### DIRECTIONS FOR THIS TASK
Your answer should be only the lines below from the one with "r = - (\<Sum>j\<in>UNIV" to the one with "CE i (rev_jump", repeated exactly, ends included.
Top of INFORMATION
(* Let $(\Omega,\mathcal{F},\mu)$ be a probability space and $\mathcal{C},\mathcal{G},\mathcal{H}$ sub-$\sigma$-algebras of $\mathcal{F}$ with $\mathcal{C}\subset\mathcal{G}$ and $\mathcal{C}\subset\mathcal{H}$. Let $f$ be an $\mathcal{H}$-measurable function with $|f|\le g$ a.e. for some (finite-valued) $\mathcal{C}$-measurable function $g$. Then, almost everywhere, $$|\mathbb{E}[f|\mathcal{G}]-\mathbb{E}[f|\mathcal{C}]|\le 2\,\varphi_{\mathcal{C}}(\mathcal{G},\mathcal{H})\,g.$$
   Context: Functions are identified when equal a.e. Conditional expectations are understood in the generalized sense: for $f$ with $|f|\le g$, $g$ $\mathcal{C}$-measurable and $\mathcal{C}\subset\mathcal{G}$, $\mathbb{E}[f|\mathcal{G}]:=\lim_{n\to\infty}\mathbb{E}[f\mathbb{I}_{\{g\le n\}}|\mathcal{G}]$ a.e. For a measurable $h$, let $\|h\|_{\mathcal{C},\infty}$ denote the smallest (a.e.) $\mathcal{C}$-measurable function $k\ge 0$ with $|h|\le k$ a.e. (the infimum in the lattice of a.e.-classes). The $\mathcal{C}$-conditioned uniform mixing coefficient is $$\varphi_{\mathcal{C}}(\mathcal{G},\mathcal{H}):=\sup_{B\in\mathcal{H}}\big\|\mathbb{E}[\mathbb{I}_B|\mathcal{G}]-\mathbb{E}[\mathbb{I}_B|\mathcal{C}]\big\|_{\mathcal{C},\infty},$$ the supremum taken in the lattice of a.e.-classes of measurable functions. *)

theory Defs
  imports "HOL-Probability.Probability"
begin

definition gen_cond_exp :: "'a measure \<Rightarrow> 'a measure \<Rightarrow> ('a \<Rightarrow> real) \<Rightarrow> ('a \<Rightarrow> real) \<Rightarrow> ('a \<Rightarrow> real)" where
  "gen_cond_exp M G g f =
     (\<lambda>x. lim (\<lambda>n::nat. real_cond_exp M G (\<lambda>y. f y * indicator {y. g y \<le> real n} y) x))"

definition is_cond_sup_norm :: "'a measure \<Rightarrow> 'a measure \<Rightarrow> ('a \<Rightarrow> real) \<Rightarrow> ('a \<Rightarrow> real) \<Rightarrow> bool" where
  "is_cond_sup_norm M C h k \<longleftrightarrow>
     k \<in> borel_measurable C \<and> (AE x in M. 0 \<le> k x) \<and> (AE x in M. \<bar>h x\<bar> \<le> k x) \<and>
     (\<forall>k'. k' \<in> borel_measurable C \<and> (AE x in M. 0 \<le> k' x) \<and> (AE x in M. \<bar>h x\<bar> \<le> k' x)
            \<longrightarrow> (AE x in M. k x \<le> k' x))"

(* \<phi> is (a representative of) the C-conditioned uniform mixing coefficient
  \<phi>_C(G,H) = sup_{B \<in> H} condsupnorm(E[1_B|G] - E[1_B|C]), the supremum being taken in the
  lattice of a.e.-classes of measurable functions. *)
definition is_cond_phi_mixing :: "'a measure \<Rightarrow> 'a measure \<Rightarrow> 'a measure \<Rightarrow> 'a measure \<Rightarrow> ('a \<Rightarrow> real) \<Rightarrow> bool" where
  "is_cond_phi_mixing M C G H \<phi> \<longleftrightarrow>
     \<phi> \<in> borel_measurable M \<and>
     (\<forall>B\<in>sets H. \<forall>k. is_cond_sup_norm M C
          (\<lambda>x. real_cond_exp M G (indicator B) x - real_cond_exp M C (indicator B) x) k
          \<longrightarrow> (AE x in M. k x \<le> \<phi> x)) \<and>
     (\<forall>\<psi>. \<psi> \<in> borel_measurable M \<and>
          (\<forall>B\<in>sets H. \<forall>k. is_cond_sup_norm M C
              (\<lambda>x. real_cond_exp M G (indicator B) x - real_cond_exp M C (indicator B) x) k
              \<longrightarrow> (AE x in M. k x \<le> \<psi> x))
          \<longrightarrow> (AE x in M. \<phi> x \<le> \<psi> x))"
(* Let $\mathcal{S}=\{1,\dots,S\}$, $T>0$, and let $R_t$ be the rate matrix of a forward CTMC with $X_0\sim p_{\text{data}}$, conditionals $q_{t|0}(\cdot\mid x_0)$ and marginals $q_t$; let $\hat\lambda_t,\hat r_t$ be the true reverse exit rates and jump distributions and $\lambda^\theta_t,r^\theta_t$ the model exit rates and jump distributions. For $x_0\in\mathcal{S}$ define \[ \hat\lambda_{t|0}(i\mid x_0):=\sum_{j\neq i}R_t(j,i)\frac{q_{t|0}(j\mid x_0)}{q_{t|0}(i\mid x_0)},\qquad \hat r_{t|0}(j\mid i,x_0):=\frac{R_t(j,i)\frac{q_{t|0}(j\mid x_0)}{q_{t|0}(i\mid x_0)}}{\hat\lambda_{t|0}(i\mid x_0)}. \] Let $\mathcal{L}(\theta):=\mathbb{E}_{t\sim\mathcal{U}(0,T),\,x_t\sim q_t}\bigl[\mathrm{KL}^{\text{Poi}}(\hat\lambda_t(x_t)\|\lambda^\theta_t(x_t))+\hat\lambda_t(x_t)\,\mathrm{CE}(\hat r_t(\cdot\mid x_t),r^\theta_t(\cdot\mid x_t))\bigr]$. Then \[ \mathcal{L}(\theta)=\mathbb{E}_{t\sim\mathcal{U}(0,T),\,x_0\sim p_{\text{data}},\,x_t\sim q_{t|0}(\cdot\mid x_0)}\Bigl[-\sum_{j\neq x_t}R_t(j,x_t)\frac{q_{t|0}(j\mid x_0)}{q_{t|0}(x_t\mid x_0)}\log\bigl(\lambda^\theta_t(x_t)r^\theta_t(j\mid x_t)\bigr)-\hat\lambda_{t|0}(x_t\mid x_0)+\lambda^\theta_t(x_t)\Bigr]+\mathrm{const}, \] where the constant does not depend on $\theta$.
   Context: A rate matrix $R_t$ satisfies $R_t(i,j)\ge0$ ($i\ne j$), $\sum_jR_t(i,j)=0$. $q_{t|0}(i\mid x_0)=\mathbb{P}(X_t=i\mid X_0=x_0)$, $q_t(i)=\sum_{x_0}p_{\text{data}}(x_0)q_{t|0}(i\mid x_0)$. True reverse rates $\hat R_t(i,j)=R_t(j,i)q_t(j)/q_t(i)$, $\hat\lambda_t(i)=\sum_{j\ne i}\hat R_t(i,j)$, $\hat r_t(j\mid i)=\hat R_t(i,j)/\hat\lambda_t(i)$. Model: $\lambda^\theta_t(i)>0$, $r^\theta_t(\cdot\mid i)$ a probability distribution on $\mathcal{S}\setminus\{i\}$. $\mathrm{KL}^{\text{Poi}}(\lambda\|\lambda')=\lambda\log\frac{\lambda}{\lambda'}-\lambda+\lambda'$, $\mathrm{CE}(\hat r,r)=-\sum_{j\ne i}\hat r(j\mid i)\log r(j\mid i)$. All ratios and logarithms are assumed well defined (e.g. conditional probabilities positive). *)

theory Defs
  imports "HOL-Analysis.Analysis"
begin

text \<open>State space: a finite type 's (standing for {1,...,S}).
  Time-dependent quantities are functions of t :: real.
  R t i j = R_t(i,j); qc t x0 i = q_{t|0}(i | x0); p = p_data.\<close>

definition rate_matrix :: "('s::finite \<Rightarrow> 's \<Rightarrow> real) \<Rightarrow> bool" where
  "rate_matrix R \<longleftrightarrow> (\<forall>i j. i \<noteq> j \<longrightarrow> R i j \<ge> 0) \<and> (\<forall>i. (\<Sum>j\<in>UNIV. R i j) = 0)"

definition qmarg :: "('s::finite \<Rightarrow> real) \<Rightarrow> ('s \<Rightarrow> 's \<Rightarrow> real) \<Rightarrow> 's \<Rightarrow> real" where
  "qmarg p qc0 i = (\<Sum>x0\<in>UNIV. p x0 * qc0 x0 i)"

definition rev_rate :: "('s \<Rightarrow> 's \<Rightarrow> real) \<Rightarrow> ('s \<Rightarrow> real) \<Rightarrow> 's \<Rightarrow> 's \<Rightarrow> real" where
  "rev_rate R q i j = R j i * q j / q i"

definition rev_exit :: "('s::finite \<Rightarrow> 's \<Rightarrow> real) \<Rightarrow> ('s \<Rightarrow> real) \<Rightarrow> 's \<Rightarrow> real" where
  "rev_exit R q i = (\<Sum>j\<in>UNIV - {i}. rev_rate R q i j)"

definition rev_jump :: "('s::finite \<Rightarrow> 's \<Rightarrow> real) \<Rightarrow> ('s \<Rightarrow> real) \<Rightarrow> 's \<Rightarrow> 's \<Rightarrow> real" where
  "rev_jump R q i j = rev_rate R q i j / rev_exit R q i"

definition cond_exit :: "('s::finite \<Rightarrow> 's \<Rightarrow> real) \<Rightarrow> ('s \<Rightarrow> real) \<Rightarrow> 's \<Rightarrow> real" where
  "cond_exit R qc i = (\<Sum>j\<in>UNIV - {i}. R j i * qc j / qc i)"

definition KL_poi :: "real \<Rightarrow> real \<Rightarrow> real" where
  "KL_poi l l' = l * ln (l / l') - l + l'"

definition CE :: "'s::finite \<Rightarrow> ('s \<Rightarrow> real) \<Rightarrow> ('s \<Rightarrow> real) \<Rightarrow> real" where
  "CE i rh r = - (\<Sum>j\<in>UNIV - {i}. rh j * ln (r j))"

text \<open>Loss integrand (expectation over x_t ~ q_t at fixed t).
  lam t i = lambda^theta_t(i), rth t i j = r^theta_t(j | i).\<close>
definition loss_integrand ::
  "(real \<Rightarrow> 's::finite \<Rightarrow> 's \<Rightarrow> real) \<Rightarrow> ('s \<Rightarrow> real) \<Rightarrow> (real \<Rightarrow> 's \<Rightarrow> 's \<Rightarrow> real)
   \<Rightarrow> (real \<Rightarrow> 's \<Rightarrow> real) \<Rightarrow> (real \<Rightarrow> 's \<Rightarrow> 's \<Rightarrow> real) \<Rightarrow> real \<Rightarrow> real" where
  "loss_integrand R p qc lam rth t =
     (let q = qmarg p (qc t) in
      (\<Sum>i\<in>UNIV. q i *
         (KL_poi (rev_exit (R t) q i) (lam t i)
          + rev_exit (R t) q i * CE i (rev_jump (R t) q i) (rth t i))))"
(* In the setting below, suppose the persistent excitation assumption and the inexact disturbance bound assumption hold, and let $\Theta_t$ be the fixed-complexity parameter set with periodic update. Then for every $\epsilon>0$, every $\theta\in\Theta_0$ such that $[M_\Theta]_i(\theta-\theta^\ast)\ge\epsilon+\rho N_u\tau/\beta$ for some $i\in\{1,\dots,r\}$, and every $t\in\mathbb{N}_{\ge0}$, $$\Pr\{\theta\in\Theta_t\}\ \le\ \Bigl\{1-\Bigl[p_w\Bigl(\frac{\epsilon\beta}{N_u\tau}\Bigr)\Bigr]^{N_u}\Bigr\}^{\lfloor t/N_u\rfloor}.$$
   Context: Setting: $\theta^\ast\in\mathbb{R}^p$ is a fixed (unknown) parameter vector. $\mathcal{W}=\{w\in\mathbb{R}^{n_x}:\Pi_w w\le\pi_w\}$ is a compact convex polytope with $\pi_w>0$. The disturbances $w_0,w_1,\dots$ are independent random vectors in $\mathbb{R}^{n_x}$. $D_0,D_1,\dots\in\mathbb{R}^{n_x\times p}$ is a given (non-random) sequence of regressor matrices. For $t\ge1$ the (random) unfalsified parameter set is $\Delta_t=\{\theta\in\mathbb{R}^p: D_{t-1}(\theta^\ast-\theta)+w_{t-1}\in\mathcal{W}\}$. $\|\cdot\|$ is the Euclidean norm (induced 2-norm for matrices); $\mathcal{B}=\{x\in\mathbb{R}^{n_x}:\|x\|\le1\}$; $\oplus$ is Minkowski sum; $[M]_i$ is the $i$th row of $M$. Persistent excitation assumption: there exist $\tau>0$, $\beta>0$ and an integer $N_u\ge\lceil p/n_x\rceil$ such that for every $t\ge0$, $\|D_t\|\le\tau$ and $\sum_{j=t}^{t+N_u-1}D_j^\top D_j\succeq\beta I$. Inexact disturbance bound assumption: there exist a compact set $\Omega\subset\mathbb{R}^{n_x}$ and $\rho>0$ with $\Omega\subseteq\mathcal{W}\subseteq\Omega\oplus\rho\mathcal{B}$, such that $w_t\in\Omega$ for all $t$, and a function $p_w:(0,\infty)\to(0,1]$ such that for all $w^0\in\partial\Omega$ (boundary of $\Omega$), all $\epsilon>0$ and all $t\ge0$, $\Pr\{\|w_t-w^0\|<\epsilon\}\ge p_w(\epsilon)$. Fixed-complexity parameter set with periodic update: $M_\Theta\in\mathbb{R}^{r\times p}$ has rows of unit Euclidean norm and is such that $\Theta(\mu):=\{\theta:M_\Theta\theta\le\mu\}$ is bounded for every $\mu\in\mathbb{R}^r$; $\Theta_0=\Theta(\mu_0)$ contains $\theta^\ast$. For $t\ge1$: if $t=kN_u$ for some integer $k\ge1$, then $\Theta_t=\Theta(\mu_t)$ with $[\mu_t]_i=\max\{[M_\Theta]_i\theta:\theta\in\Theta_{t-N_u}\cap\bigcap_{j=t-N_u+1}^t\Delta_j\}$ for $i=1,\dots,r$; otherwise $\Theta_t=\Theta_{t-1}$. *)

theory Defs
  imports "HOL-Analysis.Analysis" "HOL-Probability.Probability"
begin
Bottom of INFORMATION
### ANSWER SPACE
  "CE i rh r = - (\<Sum>j\<in>UNIV - {i}. rh j * ln (r j))"

text \<open>Loss integrand (expectation over x_t ~ q_t at fixed t).
  lam t i = lambda^theta_t(i), rth t i j = r^theta_t(j | i).\<close>
definition loss_integrand ::
  "(real \<Rightarrow> 's::finite \<Rightarrow> 's \<Rightarrow> real) \<Rightarrow> ('s \<Rightarrow> real) \<Rightarrow> (real \<Rightarrow> 's \<Rightarrow> 's \<Rightarrow> real)
   \<Rightarrow> (real \<Rightarrow> 's \<Rightarrow> real) \<Rightarrow> (real \<Rightarrow> 's \<Rightarrow> 's \<Rightarrow> real) \<Rightarrow> real \<Rightarrow> real" where
  "loss_integrand R p qc lam rth t =
     (let q = qmarg p (qc t) in
      (\<Sum>i\<in>UNIV. q i *
         (KL_poi (rev_exit (R t) q i) (lam t i)
          + rev_exit (R t) q i * CE i (rev_jump (R t) q i) (rth t i))))"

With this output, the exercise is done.